▸ **BRIEF**: Locate each line with the string "definition" in the listing below and copy it.

★ ★ ★ ★ ★

text \<open>D k is the k-th derivative of u = D 0 on the closed interval [0,L]
  (one-sided at the endpoints); u is of class C^k on [0,L].\<close>
definition Ck_family :: "nat \<Rightarrow> real \<Rightarrow> (nat \<Rightarrow> real \<Rightarrow> real) \<Rightarrow> bool" where
  "Ck_family k L D \<longleftrightarrow>
     (\<forall>i<k. \<forall>x\<in>{0..L}. (D i has_real_derivative D (Suc i) x) (at x within {0..L}))
     \<and> continuous_on {0..L} (D k)"

text \<open>Boundary conditions; a j stands for a_{l+j,l-j}, b j for b_{l+j,l-j}.\<close>
definition boundary_conds :: "nat \<Rightarrow> real \<Rightarrow> (nat \<Rightarrow> real) \<Rightarrow> (nat \<Rightarrow> real)
    \<Rightarrow> (nat \<Rightarrow> real \<Rightarrow> real) \<Rightarrow> bool" where
  "boundary_conds l L a b D \<longleftrightarrow>
     D 0 0 = 0 \<and> D 0 L = 0 \<and> D l L = 0 \<and>
     (\<forall>j\<in>{1..l-1}. D (l+j) 0 = a j * D (l-j) 0 \<and> D (l+j) L = b j * D (l-j) L)"

definition coeff_conds :: "nat \<Rightarrow> (nat \<Rightarrow> real) \<Rightarrow> (nat \<Rightarrow> real) \<Rightarrow> bool" where
  "coeff_conds l a b \<longleftrightarrow>
    (if l = 2 then b 1 > 1/2 \<and> a 1 < 1/2
     else if l = 3 then b 2 < -1/2 \<and> b 1 > 1/2 \<and> a 2 > 1/2 \<and> a 1 < 1/2
     else
       b 1 > real l - 2 \<and> b 2 < 2 - real l \<and> a 1 < 5 - 2 * real l \<and> a 2 > 2 * real l - 5 \<and>
       (\<forall>j. odd j \<and> 3 \<le> j \<and> j \<le> l - 1 \<longrightarrow>
          b j > real l - 2 + (1/2) * (\<Sum>m=1..(j-1) div 2. \<bar>b (2*m-1)\<bar>)^2 \<and>
          a j < 5 - 2 * real l - (1/2) * (\<Sum>m=1..(j-1) div 2. \<bar>a (2*m-1)\<bar>)^2) \<and>
       (\<forall>j. even j \<and> 4 \<le> j \<and> j \<le> l - 1 \<longrightarrow>
          b j < 2 - real l - (1/2) * (\<Sum>m=1..j div 2 - 1. \<bar>b (2*m)\<bar>)^2 \<and>
          a j > 2 * real l - 5 + (1/2) * (\<Sum>m=1..j div 2 - 1. \<bar>a (2*m)\<bar>)^2))"

end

★ ★ ★ ★ ★

▸ **SOLUTION**:
definition Ck_family :: "nat \<Rightarrow> real \<Rightarrow> (nat \<Rightarrow> real \<Rightarrow> real) \<Rightarrow> bool" where
definition boundary_conds :: "nat \<Rightarrow> real \<Rightarrow> (nat \<Rightarrow> real) \<Rightarrow> (nat \<Rightarrow> real)
definition coeff_conds :: "nat \<Rightarrow> (nat \<Rightarrow> real) \<Rightarrow> (nat \<Rightarrow> real) \<Rightarrow> bool" where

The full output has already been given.